• [Exercise brief]: Below are some records. Say how many of their lines contain the string "lemma", and give nothing but the number.
..........
lemma eigen_integrand_integrable:
  assumes "x \<in> space P"
  shows "integrable P (\<lambda>y. exp (I x y) * \<Psi> y)"
  using eigen[OF assms] rho_pos Psi_pos[OF assms] not_integrable_integral_eq by fastforce

lemma eigenvalue_eigenfunction_product_bounds:
  assumes x: "x \<in> space P"
  shows "1 \<le> \<rho> * \<Psi> x \<and> \<rho> * \<Psi> x \<le> exp d"
proof
  have Psi_integrable: "integrable P \<Psi>"
    using Psi_normalized not_integrable_integral_eq by fastforce
  have "(\<integral>y. \<Psi> y \<partial>P) \<le> (\<integral>y. exp (I x y) * \<Psi> y \<partial>P)"
    using x I_bounds Psi_pos
    by (intro integral_mono Psi_integrable eigen_integrand_integrable) (auto intro!: mult_le_cancel_right1[THEN iffD2])
  then show "1 \<le> \<rho> * \<Psi> x"
    using Psi_normalized eigen[OF x] by simp
  have "(\<integral>y. exp (I x y) * \<Psi> y \<partial>P) \<le> (\<integral>y. exp d * \<Psi> y \<partial>P)"
    using x I_bounds Psi_pos
    by (intro integral_mono Psi_integrable eigen_integrand_integrable integrable_mult_right)
      (auto intro!: mult_right_mono)
  then show "\<rho> * \<Psi> x \<le> exp d"
    using Psi_normalized eigen[OF x] by simp
qed

lemma eigenvalue_bounds: "1 \<le> \<rho> \<and> \<rho> \<le> exp d"
proof -
  interpret prob_space P by (rule prob)
  have Psi_integrable: "integrable P \<Psi>"
    using Psi_normalized not_integrable_integral_eq by fastforce
  have "1 \<le> (\<integral>y. \<rho> * \<Psi> y \<partial>P)"
    using eigenvalue_eigenfunction_product_bounds Psi_integrable
    by (intro integral_ge_const integrable_mult_right AE_I2) auto
  moreover have "(\<integral>y. \<rho> * \<Psi> y \<partial>P) \<le> exp d"
    using eigenvalue_eigenfunction_product_bounds Psi_integrable
    by (intro integral_le_const integrable_mult_right AE_I2) auto
  ultimately show ?thesis
    using Psi_normalized by simp
qed

lemma eigenfunction_bounds:
  assumes y: "y \<in> space P"
  shows "exp (- d) \<le> \<Psi> y \<and> \<Psi> y \<le> exp d"
proof
  have \<rho>: "1 \<le> \<rho>" "\<rho> \<le> exp d"
    using eigenvalue_bounds by auto
  have y_bounds: "1 \<le> \<rho> * \<Psi> y" "\<rho> * \<Psi> y \<le> exp d"
    using eigenvalue_eigenfunction_product_bounds[OF y] by auto
  have "exp (- d) = 1 / exp d"
    by (simp add: exp_minus field_simps)
  also have "\<dots> \<le> \<rho> * \<Psi> y / \<rho>"
    using y_bounds \<rho> by (intro frac_le) auto
  finally show "exp (- d) \<le> \<Psi> y"
    using rho_pos by simp
  have "\<Psi> y \<le> \<rho> * \<Psi> y"
    using \<rho> Psi_pos[OF y] by simp
  then show "\<Psi> y \<le> exp d"
    using y_bounds by simp
qed

lemma eigen_kernel_density_bounds:
  assumes x: "x \<in> space P" and y: "y \<in> space P"
  shows "exp (- (2 * d)) \<le> exp (I x y) * \<Psi> y / (\<rho> * \<Psi> x) \<and>
         exp (I x y) * \<Psi> y / (\<rho> * \<Psi> x) \<le> exp (2 * d)"
proof
  have x_bounds: "1 \<le> \<rho> * \<Psi> x" "\<rho> * \<Psi> x \<le> exp d"
    using eigenvalue_eigenfunction_product_bounds[OF x] by auto
  have y_bounds: "exp (- d) \<le> \<Psi> y" "\<Psi> y \<le> exp d"
    using eigenfunction_bounds[OF y] by auto
  have "exp (- (2 * d)) = 1 * exp (- d) / exp d"
    by (simp add: exp_minus field_simps flip: exp_add)
  also have "\<dots> \<le> exp (I x y) * \<Psi> y / (\<rho> * \<Psi> x)"
    using I_bounds[OF x y] x_bounds y_bounds Psi_pos[OF y] by (intro frac_le mult_mono) auto
  finally show "exp (- (2 * d)) \<le> exp (I x y) * \<Psi> y / (\<rho> * \<Psi> x)" .
  have "exp (I x y) * \<Psi> y / (\<rho> * \<Psi> x) \<le> exp d * exp d / 1"
    using I_bounds[OF x y] x_bounds y_bounds Psi_pos[OF y] by (intro frac_le mult_mono) auto
  then show "exp (I x y) * \<Psi> y / (\<rho> * \<Psi> x) \<le> exp (2 * d)"
    by (simp flip: exp_add)
qed

end

(* Otherwise the normalising constant is the junk value 0, and Phat collapses to the null measure. *)
lemma integrable_exp_self_energy:
  assumes "(\<integral>y. f y \<partial>Phat W R \<beta>) \<noteq> 0"
  shows "integrable W (\<lambda>x. exp (self_energy R \<beta> x))"
proof (rule ccontr)
  assume "\<not> integrable W (\<lambda>x. exp (self_energy R \<beta> x))"
  then have "Phat W R \<beta> = null_measure W"
    by (simp add: Phat_def not_integrable_integral_eq null_measure_eq_density)
  then show False
    using assms by simp
qed

context
  fixes W :: "(real \<Rightarrow> real^2) measure" and R :: "real \<Rightarrow> real^2 \<Rightarrow> real" and B \<beta> :: real
  assumes W: "prob_space W"
    and R_bounds: "\<And>s y. 0 \<le> R s y" "\<And>s y. R s y \<le> B"
    and integrable: "integrable W (\<lambda>x. exp (self_energy R \<beta> x))"
begin

lemma partition_function_bounds:
  "1 \<le> (\<integral>x. exp (self_energy R \<beta> x) \<partial>W) \<and> (\<integral>x. exp (self_energy R \<beta> x) \<partial>W) \<le> exp (\<beta>\<^sup>2 * B)"
  using self_energy_bounds[OF R_bounds] integrable
  by (auto intro!: prob_space.integral_ge_const[OF W] prob_space.integral_le_const[OF W])

lemma Phat_density_bounds:
  "exp (- (\<beta>\<^sup>2 * B)) \<le> exp (self_energy R \<beta> x) / (\<integral>y. exp (self_energy R \<beta> y) \<partial>W) \<and>
   exp (self_energy R \<beta> x) / (\<integral>y. exp (self_energy R \<beta> y) \<partial>W) \<le> exp (\<beta>\<^sup>2 * B)"
proof -
  have Z: "1 \<le> (\<integral>y. exp (self_energy R \<beta> y) \<partial>W)" "(\<integral>y. exp (self_energy R \<beta> y) \<partial>W) \<le> exp (\<beta>\<^sup>2 * B)"
    using partition_function_bounds by auto
  have SE: "1 \<le> exp (self_energy R \<beta> x)" "exp (self_energy R \<beta> x) \<le> exp (\<beta>\<^sup>2 * B)"
    using self_energy_bounds[OF R_bounds] by auto
  have "exp (- (\<beta>\<^sup>2 * B)) = 1 / exp (\<beta>\<^sup>2 * B)"
    by (simp add: exp_minus field_simps)
  also have "\<dots> \<le> exp (self_energy R \<beta> x) / (\<integral>y. exp (self_energy R \<beta> y) \<partial>W)"
    using Z SE by (intro frac_le) auto
  moreover have "exp (self_energy R \<beta> x) / (\<integral>y. exp (self_energy R \<beta> y) \<partial>W) \<le> exp (\<beta>\<^sup>2 * B) / 1"
    using Z SE by (intro frac_le) auto
  ultimately show ?thesis
    by simp
qed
..........
• [Written answer]: 8